La clamorosa difesa della legge 194 da parte del quotidiano dei vescovi italiani è stata seguita dall'incomprensibile silenzio della presidenza CEI, come se nulla fosse accaduto. E pensare che appena due giorni prima il vescovo di Reggio Emilia, proprio dalle colonne di Avvenire, invitava i vescovi a parlare di più e più chiaro sui temi etici.
A volte la vita è davvero curiosa. Il 25 agosto il quotidiano della Conferenza Episcopale Italiana (CEI), Avvenire, pubblica una lettera del vescovo di Reggio Emilia, monsignor Massimo Camisasca, che cerca di rispondere ai tanti fedeli che rimproverano ai vescovi di parlare poco «sulle questioni che turbano la nostra coscienza», tipo aborto, eutanasia, identità sessuale. Monsignor Camisasca dice essenzialmente due cose: i vescovi parlano, ma siccome ragionano invece di urlare la loro voce non arriva sui grandi giornali; però potrebbero, anzi dovrebbero, parlare di più e più chiaramente sia usando i giornali diocesani e locali, sia usando Avvenire.

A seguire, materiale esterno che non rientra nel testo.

lemma is_pushout_cube_mk':
  assumes "2 \<le> m" "1 \<le> k" "k \<le> m"
  shows "is_pushout (obox m k eps) (cube_mk m k eps) (tau (m - 2) (obox m k eps)) (cube_mk' m k eps)
           (\<lambda>d x. x) (\<lambda>d x. x) (\<lambda>d x. x) (\<lambda>d x. x)"
  unfolding is_pushout_def
proof (intro conjI allI impI)
  show "is_mcset (obox m k eps)" "is_mcset (cube_mk m k eps)" "is_mcset (tau (m - 2) (obox m k eps))"
    "is_mcset (cube_mk' m k eps)"
    using assms(1) by (simp_all add: is_mcset_obox is_mcset_cube_mk is_mcset_tau is_mcset_cube_mk')
  show "is_mmap (obox m k eps) (cube_mk m k eps) (\<lambda>d x. x)"
    "is_mmap (obox m k eps) (tau (m - 2) (obox m k eps)) (\<lambda>d x. x)"
    "is_mmap (cube_mk m k eps) (cube_mk' m k eps) (\<lambda>d x. x)"
    by (auto intro!: is_mmap_inclusion boxhom_if_obox_cells)
  show "is_mmap (tau (m - 2) (obox m k eps)) (cube_mk' m k eps) (\<lambda>d x. x)"
    by (rule is_mmap_inclusion[OF _ marked_tau_obox_subset[OF assms]])
       (auto intro: boxhom_if_obox_cells)
  show "eq_map (obox m k eps) (mcomp (\<lambda>d x. x) (\<lambda>d x. x)) (mcomp (\<lambda>d x. x) (\<lambda>d x. x))"
    by (simp add: eq_map_def)
next
  fix E :: "cmor mcset" and p q
  assume "is_mmap (cube_mk m k eps) E p" "is_mmap (tau (m - 2) (obox m k eps)) E q"
    and "eq_map (obox m k eps) (mcomp p (\<lambda>d x. x)) (mcomp q (\<lambda>d x. x))"
  then have "is_mmap (cube_mk' m k eps) E p"
    using assms(1) is_mmap_cube_mk'_if_agrees_on_obox by (simp add: mcomp_def)
  then show "\<exists>u. is_mmap (cube_mk' m k eps) E u \<and>
          eq_map (cube_mk m k eps) (mcomp u (\<lambda>d x. x)) p \<and>
          eq_map (tau (m - 2) (obox m k eps)) (mcomp u (\<lambda>d x. x)) q \<and>
          (\<forall>u'. is_mmap (cube_mk' m k eps) E u' \<and> eq_map (cube_mk m k eps) (mcomp u' (\<lambda>d x. x)) p \<and>
                eq_map (tau (m - 2) (obox m k eps)) (mcomp u' (\<lambda>d x. x)) q \<longrightarrow>
                eq_map (cube_mk' m k eps) u u')"
    using \<open>eq_map (obox m k eps) _ _\<close> by (intro exI[of _ p]) (auto simp: eq_map_def mcomp_def)
qed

Diverse sono state le interpretazioni sul motivo di questa lettera, ma non è questo che qui ci interessa. Rileviamo invece che appena due giorni dopo, il 27 agosto, Avvenire pubblica un’altra lettera autorevole che inneggia alla legge italiana sull’aborto: «La legge 194 non è una legge contro la vita e può essere accettata dai cattolici», si legge nello scritto di Angelo Moretti che abbiamo già commentato ieri e sul cui contenuto quindi non torniamo. Ma la lettera, pubblicata senza commento alcuno, significa che ha avuto l’avallo della direzione del giornale.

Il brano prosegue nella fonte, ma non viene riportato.